> [Problem details]:
How many lines in the records below contain the word "lemma"? Answer with the number only.

> [Records for the exercise]:

+===+

lemma finite_kwise_union_family_cards: "finite {card F | F. kwise_union_family n k d F}"
proof (rule finite_subset)
  show "{card F | F. kwise_union_family n k d F} \<subseteq> card ` Pow (Pow {1..n})"
    unfolding kwise_union_family_def by auto
qed simp

lemma card_le_p: "kwise_union_family n k d F \<Longrightarrow> card F \<le> p n k d"
  unfolding p_def using finite_kwise_union_family_cards by (auto intro: Max_ge)

lemma p_attained: "\<exists>F. kwise_union_family n k d F \<and> card F = p n k d"
proof -
  \<comment> \<open>The empty family qualifies: \<open>union_pow {} k\<close> is \<open>{{}}\<close> or \<open>{}\<close>.\<close>
  have "kwise_union_family n k d {}"
    unfolding kwise_union_family_def by (cases k) auto
  then have "{card F | F. kwise_union_family n k d F} \<noteq> {}"
    by blast
  then have "p n k d \<in> {card F | F. kwise_union_family n k d F}"
    unfolding p_def by (rule Max_in[OF finite_kwise_union_family_cards])
  then show ?thesis
    by auto
qed

lemma card_le_p_if_VC_symdiff_pow_le:
  assumes A: "A \<subseteq> Pow {1..n}" and VC: "VC n (symdiff_pow A k) \<le> d"
  shows "card A \<le> p n k d"
proof -
  obtain B where B: "B \<subseteq> Pow {1..n}" "card B = card A" "down_closed B"
    "\<And>Y. shatters (symdiff_pow B k) Y \<Longrightarrow> shatters (symdiff_pow A k) Y"
    using exists_down_closed_shifted_family[OF finite_atLeastAtMost A, of k] by blast
  have "card U \<le> d" if "U \<in> union_pow B k" for U
  proof -
    have "U \<subseteq> {1..n}"
      using union_pow_subset_Pow[OF B(1)] that by blast
    moreover have "shatters (symdiff_pow A k) U"
      using B(4) shatters_union_pow[OF B(3) that] .
    ultimately show ?thesis
      using card_le_VC VC order_trans by blast
  qed
  then have "kwise_union_family n k d B"
    unfolding kwise_union_family_def using B(1) by blast
  then show ?thesis
    using card_le_p B(2) by metis
qed

lemma VC_symdiff_pow_le_if_kwise_union_family:
  assumes F: "kwise_union_family n k d F"
  shows "VC n (symdiff_pow F k) \<le> d"
proof (rule VC_le)
  fix Y
  assume "shatters (symdiff_pow F k) Y"
  then obtain T where "T \<in> symdiff_pow F k" "T \<inter> Y = Y"
    unfolding shatters_iff by blast
  then obtain U where U: "U \<in> union_pow F k" "Y \<subseteq> U"
    using symdiff_pow_subset_union_pow by blast
  have "U \<subseteq> {1..n}"
    using union_pow_subset_Pow[of F "{1..n}" k] F U(1) unfolding kwise_union_family_def by blast
  then have "card Y \<le> card U"
    using U(2) by (meson card_mono finite_atLeastAtMost finite_subset)
  also have "\<dots> \<le> d"
    using F U(1) unfolding kwise_union_family_def by blast
  finally show "card Y \<le> d" .
qed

+===+

> [Expected output]:
5